In this trial, if the random variable X that considers odd (1, 3, 5) to be 1 and even (2, 4, 6) to be 0, this trial is repeated 4 times. The range of X values is as follows:

S={0, 1, 2 , 3, 4}

This trial can be computed using the scipy.special.comb() function for calculating combinations. Also, since it is a binomial variable having two variables, odd (0) and even (1), the probability mass function of the binomial distribution can be calculated using the scipy.stats.pmf() function.

from scipy import special
special.comb(4, 0)*(1/2)**0*(1/2)**4

0.0625

from scipy import stats
stats.binom.pmf(0, 4, 1/2)

0.0625

In the above way, the probability and expected value for each value of S can be calculated. In addition, several methods of scipy.stats.binom() that can calculate various statistics of the binomial distribution can be applied to produce results without intermediate calculations.

S=np.array([0,1,2,3, 4])
p=np.array([special.comb(4, i)*(1/2)**i*(1/2)**(4-i) for i in S])
p

array([0.0625, 0.25 , 0.375 , 0.25 , 0.0625])

EX1=np.sum(S*p)
EX1

2.0

p=stats.binom.pmf(S, 4, 1/2)
p

array([0.0625, 0.25 , 0.375 , 0.25 , 0.0625])

np.sum(S*p)

2.0000000000000004

stats.binom.expect(args=(4, 1/2))

2.0000000000000004

In this example, the random variable is a trial of taking one from 0, 1, 2, 3, 4. As shown in Figure 2, if the expected value (average) is simulated when the same test is repeated, the probability of the same value as the above result is highest.

Example 6)
In the example above, if $X^2$ is used instead of X for the random variable, E(X²)?

EX2=np.sum(S**2*p)
EX2

5.000000000000001

Example 7)
The following is the PDF definition of a continuous random variable.
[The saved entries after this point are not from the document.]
(* Fix an integer $r\ge 1$. Let $A=(a_{ij})$ be a real symmetric $n\times n$ matrix with $n\ge r$, with eigenvalues $\lambda_1\ge \lambda_2\ge\cdots\ge\lambda_n$, such that $0\le a_{ij}\le 1$ for all $i\neq j$ and $a_{ii}\ge 0$ for all $1\le i\le n$. Then \[ \lambda_{n-r+1}+\lambda_{n-r+2}+\cdots+\lambda_n\ \ge\ -\frac{\beta_r}{2}\,n . \]
   Context: For integers $N\ge r\ge 1$, let $\mathcal P_r(N)=\{Q\in\mathbb R^{N\times N}: Q^2=Q,\ Q^T=Q,\ \operatorname{rank}Q=r\}$ be the set of rank-$r$ orthogonal projections. Define \[ \beta_r(N)=\frac1N\max_{Q\in\mathcal P_r(N)}\sum_{i,j=1}^N |q_{ij}|,\qquad \beta_r=\sup_{N\ge r}\beta_r(N), \] where $Q=(q_{ij})$. *)

theory Defs
  imports "Jordan_Normal_Form.DL_Rank" "Jordan_Normal_Form.Char_Poly"
begin

definition proj_set :: "nat \<Rightarrow> nat \<Rightarrow> real mat set" where
  "proj_set r N = {Q. Q \<in> carrier_mat N N \<and> Q * Q = Q \<and> transpose_mat Q = Q
                      \<and> vec_space.rank N Q = r}"

definition beta_N :: "nat \<Rightarrow> nat \<Rightarrow> real" where
  "beta_N r N = (1 / real N) *
     Sup ((\<lambda>Q. \<Sum>i<N. \<Sum>j<N. \<bar>Q $$ (i, j)\<bar>) ` proj_set r N)"

definition beta :: "nat \<Rightarrow> real" where
  "beta r = Sup (beta_N r ` {N. N \<ge> r})"

end

theory Submission
  imports Defs Jordan_Normal_Form.Schur_Decomposition
begin

text \<open>
  Diagonalize \<open>A\<close> orthogonally and let \<open>V\<close> consist of orthonormal eigenvectors for
  \<open>r\<close> of its eigenvalues. Then \<open>Q = V V\<^sup>T\<close> is a rank-\<open>r\<close> orthogonal projection and the
  sum of these eigenvalues is \<open>tr (V\<^sup>T A V) = \<Sum>\<^sub>i\<^sub>j a\<^sub>i\<^sub>j q\<^sub>i\<^sub>j\<close>. Since
  \<open>0 \<le> a\<^sub>i\<^sub>j \<le> 1\<close> off the diagonal and \<open>a\<^sub>i\<^sub>i, q\<^sub>i\<^sub>i \<ge> 0\<close>, every term satisfies
  \<open>a\<^sub>i\<^sub>j q\<^sub>i\<^sub>j \<ge> (q\<^sub>i\<^sub>j - |q\<^sub>i\<^sub>j|) / 2\<close>, and \<open>\<Sum>\<^sub>i\<^sub>j q\<^sub>i\<^sub>j = |V\<^sup>T 1|\<^sup>2 \<ge> 0\<close>; hence the sum
  is at least \<open>-\<Sum>\<^sub>i\<^sub>j |q\<^sub>i\<^sub>j| / 2 \<ge> -\<beta>\<^sub>r n / 2\<close>.

  That \<open>\<beta>\<^sub>r\<close> is a genuine supremum (rather than the junk value of \<open>Sup\<close> on an
  unbounded set) follows from \<open>\<Sum>\<^sub>i\<^sub>j |q\<^sub>i\<^sub>j| \<le> N tr Q \<le> N rank Q\<close> for projections
  \<open>Q\<close>, where \<open>2 |q\<^sub>i\<^sub>j| \<le> q\<^sub>i\<^sub>i + q\<^sub>j\<^sub>j\<close> because \<open>Q = Q\<^sup>T Q\<close>.
\<close>

section \<open>Orthogonal diagonalization of real symmetric matrices\<close>

(* The library's Gram-Schmidt is stated for the conjugate inner product. *)
lemma conjugate_real_vec [simp]: "conjugate (v :: real vec) = v"
  by (rule eq_vecI) (auto simp: conjugate_vec_def)

definition vec_normalize :: "real vec \<Rightarrow> real vec" where
  "vec_normalize w = (1 / sqrt (w \<bullet> w)) \<cdot>\<^sub>v w"
lemma CA_source_iff: "f \<in> CA s a b \<longleftrightarrow> f \<in> fa_carrier N \<and> (\<forall>w. f w \<noteq> 0 \<longrightarrow> even (length w))"
  by (simp add: CA_iff dims)

lemma CA_target_iff: "f \<in> CA s' a' b' \<longleftrightarrow> f \<in> fa_carrier N \<and> (\<forall>w. f w \<noteq> 0 \<longrightarrow> even (length w))"
  by (simp add: CA_iff dims)

lemma map_relabel_letters: "set w \<subseteq> letters N \<Longrightarrow> set (map (relabel \<pi>) w) \<subseteq> letters N"
  using maps_to by (auto simp: letters_def gidx_relabel)

lemma map_relabel_letters': "set w \<subseteq> letters N \<Longrightarrow> set (map (relabel \<pi>') w) \<subseteq> letters N"
  using maps_to' by (auto simp: letters_def gidx_relabel)

lemma map_relabel_inverse: "set w \<subseteq> letters N \<Longrightarrow> map (relabel \<pi>') (map (relabel \<pi>) w) = w"
proof -
  assume "set w \<subseteq> letters N"
  moreover have "relabel \<pi>' (relabel \<pi> g) = g" if "g \<in> letters N" for g
    using that inverse by (cases g) (auto simp: letters_def)
  ultimately show ?thesis by (auto intro!: map_idI)
qed

lemma map_relabel_inverse': "set w \<subseteq> letters N \<Longrightarrow> map (relabel \<pi>) (map (relabel \<pi>') w) = w"
proof -
  assume "set w \<subseteq> letters N"
  moreover have "relabel \<pi> (relabel \<pi>' g) = g" if "g \<in> letters N" for g
    using that inverse' by (cases g) (auto simp: letters_def)
  ultimately show ?thesis by (auto intro!: map_idI)
qed

lemma T_apply:
  "set z \<subseteq> letters N \<Longrightarrow> T f z = twist_sign P (map (relabel \<pi>') z) * f (map (relabel \<pi>') z)"
  by (simp add: twisted_relabel_def)

lemma T_apply_nonletters: "\<not> set z \<subseteq> letters N \<Longrightarrow> T f z = 0"
  by (simp add: twisted_relabel_def)

lemma T_nonzero: "T f z \<noteq> 0 \<Longrightarrow> set z \<subseteq> letters N \<and> f (map (relabel \<pi>') z) \<noteq> 0"
  by (auto simp: twisted_relabel_def split: if_splits)

lemma T_add: "T (fa_add f g) = fa_add (T f) (T g)"
  by (auto simp: twisted_relabel_def fa_add_def distrib_left)

lemma T_sub: "T (fa_sub f g) = fa_sub (T f) (T g)"
  by (auto simp: twisted_relabel_def fa_sub_def right_diff_distrib)

lemma T_smult: "T (fa_smult c f) = fa_smult c (T f)"
  by (auto simp: twisted_relabel_def fa_smult_def mult.left_commute)

lemma T_zero: "T fa_zero = fa_zero"
  by (auto simp: twisted_relabel_def fa_zero_def)

lemma T_mono:
  assumes w: "set w \<subseteq> letters N"
  shows "T (mono w) = fa_smult (twist_sign P w) (mono (map (relabel \<pi>) w))"
proof
  fix z
  show "T (mono w) z = fa_smult (twist_sign P w) (mono (map (relabel \<pi>) w)) z"
  proof (cases "set z \<subseteq> letters N")
    case True
    then have "map (relabel \<pi>') z = w \<longleftrightarrow> z = map (relabel \<pi>) w"
      using map_relabel_inverse'[OF True] map_relabel_inverse[OF w] by auto
    then show ?thesis using True by (auto simp: T_apply fa_smult_def mono_def)
  next
    case False
    then have "z \<noteq> map (relabel \<pi>) w" using map_relabel_letters[OF w] by metis
    then show ?thesis using False by (simp add: T_apply_nonletters fa_smult_def mono_def)
  qed
qed

lemma T_one: "T fa_one = fa_one"
  using T_mono[of "[]"] by (simp add: fa_one_eq_mono_Nil twist_sign_def fa_smult_def)

lemma rels_relabel_cases:
  assumes "r \<in> rels s a N"
  obtains \<alpha> \<beta> d where "\<alpha> \<in> letters N" "\<beta> \<in> letters N"
    "r = fa_sub (sbr s a \<alpha> \<beta>) (if d then fa_one else fa_zero)"
    "d \<Longrightarrow> \<exists>i. \<alpha> = D i \<and> \<beta> = X i"
    "fa_sub (sbr s' a' (relabel \<pi> \<alpha>) (relabel \<pi> \<beta>)) (if d then fa_one else fa_zero)
      \<in> (rels s' a' N :: 'k::comm_ring_1 fa set)"
proof -
  from assms consider
      (DX) i j where "r = fa_sub (sbr s a (D i) (X j)) (if i = j then fa_one else fa_zero)" "i \<in> {1..N}" "j \<in> {1..N}"
    | (XX) i j where "r = sbr s a (X i) (X j)" "i \<in> {1..N}" "j \<in> {1..N}"
    | (DD) i j where "r = sbr s a (D i) (D j)" "i \<in> {1..N}" "j \<in> {1..N}"
    unfolding rels_def by blast
  then show thesis
  proof cases
    case DX
    have "\<pi> i = \<pi> j \<longleftrightarrow> i = j" using DX inverse by metis
    moreover have "fa_sub (sbr s' a' (D (\<pi> i)) (X (\<pi> j))) (if \<pi> i = \<pi> j then fa_one else fa_zero)
        \<in> (rels s' a' N :: 'k fa set)"
      using maps_to DX(2,3) unfolding rels_def by blast
    ultimately show thesis
      using DX by (intro that[of "D i" "X j" "i = j"]) (simp_all add: letters_def)
  next
    case XX
    have "sbr s' a' (X (\<pi> i)) (X (\<pi> j)) \<in> (rels s' a' N :: 'k fa set)"
      using maps_to XX(2,3) unfolding rels_def by blast
    then show thesis
      using XX by (intro that[of "X i" "X j" False]) (simp_all add: letters_def fa_sub_zero)
  next
    case DD
    have "sbr s' a' (D (\<pi> i)) (D (\<pi> j)) \<in> (rels s' a' N :: 'k fa set)"
      using maps_to DD(2,3) unfolding rels_def by blast
    then show thesis
      using DD by (intro that[of "D i" "D j" False]) (simp_all add: letters_def fa_sub_zero)
  qed
qed

lemma T_relation_generator:
  fixes r :: "'k::comm_ring_1 fa"
  assumes r: "r \<in> rels s a N" and u: "set u \<subseteq> letters N" and v: "set v \<subseteq> letters N"
  shows "T (fa_mult (fa_mult (mono u) r) (mono v)) \<in> rel_ideal s' a' N"
proof -
  obtain \<alpha> \<beta> d where \<alpha>: "\<alpha> \<in> letters N" and \<beta>: "\<beta> \<in> letters N"
    and r_eq: "r = fa_sub (sbr s a \<alpha> \<beta>) (if d then fa_one else fa_zero)"
    and d: "d \<Longrightarrow> \<exists>i. \<alpha> = D i \<and> \<beta> = X i"
    and r': "fa_sub (sbr s' a' (relabel \<pi> \<alpha>) (relabel \<pi> \<beta>)) (if d then fa_one else fa_zero)
      \<in> (rels s' a' N :: 'k fa set)"
    using rels_relabel_cases[OF r] by blast
  let ?r' = "fa_sub (sbr s' a' (relabel \<pi> \<alpha>) (relabel \<pi> \<beta>)) (if d then fa_one else fa_zero) :: 'k fa"
  let ?u = "map (relabel \<pi>) u" and ?v = "map (relabel \<pi>) v"
  let ?A = "?u @ [relabel \<pi> \<alpha>, relabel \<pi> \<beta>] @ ?v" and ?B = "?u @ [relabel \<pi> \<beta>, relabel \<pi> \<alpha>] @ ?v"
  define \<sigma> where "\<sigma> = (twist_sign P (u @ [\<alpha>, \<beta>] @ v) :: 'k)"
  define c where "c = (if is_commutator s a \<alpha> \<beta> then -1 else 1 :: 'k)"
  define c' where "c' = (if is_commutator s' a' (relabel \<pi> \<alpha>) (relabel \<pi> \<beta>) then -1 else 1 :: 'k)"
  have word_letters: "set (u @ [\<alpha>, \<beta>] @ v) \<subseteq> letters N" "set (u @ [\<beta>, \<alpha>] @ v) \<subseteq> letters N"
    "set (u @ v) \<subseteq> letters N" using u v \<alpha> \<beta> by auto
  have swap: "c * twist_sign P (u @ \<beta> # \<alpha> # v) = \<sigma> * c'"
    using twist_sign_swap[of P u \<beta> \<alpha> v] commutator_relabel[OF \<alpha> \<beta>]
    unfolding \<sigma>_def c_def c'_def by (auto split: if_splits)
  have insert_D_X: "d \<Longrightarrow> twist_sign P (u @ v) = \<sigma>"
    using d twist_sign_insert_D_X unfolding \<sigma>_def by metis
  have "T (fa_mult (fa_mult (mono u) r) (mono v)) = fa_smult \<sigma> (fa_mult (fa_mult (mono ?u) ?r') (mono ?v))"
  proof
    fix z
    have "T (fa_mult (fa_mult (mono u) r) (mono v)) z
        = \<sigma> * mono ?A z + c * (twist_sign P (u @ [\<beta>, \<alpha>] @ v) * mono ?B z)
          - (if d then twist_sign P (u @ v) * mono (?u @ ?v) z else 0)"
      unfolding r_eq fa_mult_mono_relation_mono T_sub T_add T_smult T_mono[OF word_letters(1)] T_mono[OF word_letters(2)]
      by (cases d) (simp_all add: T_mono[OF word_letters(3)] T_zero[unfolded fa_zero_def] fa_sub_def fa_add_def fa_smult_def
          fa_zero_def \<sigma>_def c_def)
    also have "\<dots> = \<sigma> * (mono ?A z + c' * mono ?B z - (if d then mono (?u @ ?v) z else 0))"
      using insert_D_X swap by (cases d) (simp_all add: right_diff_distrib distrib_left mult.assoc[symmetric])
    also have "\<dots> = fa_smult \<sigma> (fa_mult (fa_mult (mono ?u) ?r') (mono ?v)) z"
      unfolding fa_mult_mono_relation_mono
      by (cases d) (simp_all add: fa_sub_def fa_add_def fa_smult_def fa_zero_def c'_def)
    finally show "T (fa_mult (fa_mult (mono u) r) (mono v)) z
        = fa_smult \<sigma> (fa_mult (fa_mult (mono ?u) ?r') (mono ?v)) z" .
  qed
  moreover have "fa_mult (fa_mult (mono ?u) ?r') (mono ?v) \<in> rel_ideal s' a' N"
    using r' map_relabel_letters[OF u] map_relabel_letters[OF v] by (rule rel_ideal.gen)
  ultimately show ?thesis by (simp add: rel_ideal.smult)
qed

lemma T_rel_ideal: "(f :: 'k::comm_ring_1 fa) \<in> rel_ideal s a N \<Longrightarrow> T f \<in> rel_ideal s' a' N"
proof (induction rule: rel_ideal.induct)
  case zero
  then show ?case by (simp add: T_zero rel_ideal.zero)
next
  case (gen r u v)
  then show ?case by (rule T_relation_generator)
next
  case (add f g)
  then show ?case by (simp add: T_add rel_ideal.add)
next
  case (smult f c)
  then show ?case by (simp add: T_smult rel_ideal.smult)
qed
$$f(x)=\begin{cases} 1& \quad 0Based on the continuous random variable X, determine the expected value of a new random variable Y=g(X)=e^x and the expected value of e^x³.

$$\begin{aligned}E(e^x)&=\int^1_0 e^xf(x)\,dx\\ &=\int^1_0 e^x\,dx \\ E(e^{x^3})&=\int^1_0 e^{x^3}f(x)\,dx\\ &=\int^1_0 e^{x^3}\,dx \end{aligned}$$

Calculations can be applied to sympy's integrate() function, and the result can be an expression consisting of symbols or numbers. These results can be converted to numbers using N().

x=symbols('x')
re1=integrate(exp(x), (x, 0, 1))
re1

$\displaystyle -1 + e$

N(re1, 3)

$\displaystyle 1.72$

re3=integrate(exp(x**3), (x, 0, 1))
N(re3, 3)

$\displaystyle 1.34$

Example 8)
It is said that two books are used in one statistics lecture. It is assumed that the purchase of the two books is independent. In other words, it is assumed that the purchase of the main material does not affect the purchase of the auxiliary material. Under that assumption, the probability of purchasing or not purchasing a book per student is the same, so it can be considered as a random variable. In this case, the random variable consists of when students buy both books, when they buy only the main textbook, when they buy only the auxiliary textbook, and when they don't buy both books. The following shows the tendency of students to purchase books in the past.

case	probiity
no both books	10%
main book	45%
sub-book	25%
both books	20%

Using the probabilities of each case from the existing data presented above, and assuming that the prices of the main textbook and sub-textbook are \$ 100 and \$ 70, respectively, it can be summarized as follows.

case	1	2	3	4	total
x(price)	0	100	70	170	340
P(X=x)(probability)	0.1	0.45	0.25	0.2	1

Calculate the average book purchase cost per student for this course:

da=pd.DataFrame([[0,100,70,170],[0.1,0.45,0.25,0.2]],
                index=["price","probability"], columns=[1,2,3,4])
da

	1	2	3	4
price	0.0	100.00	70.00	170.0
probability	0.1	0.45	0.25	0.2

Ex1=da.product(axis=0)
Ex1

1     0.0
    2    45.0
    3    17.5
    4    34.0
    dtype: float64

Ex=Ex1.sum()
Ex

96.5

Graphing the above data to find the location of the expected value is as follows.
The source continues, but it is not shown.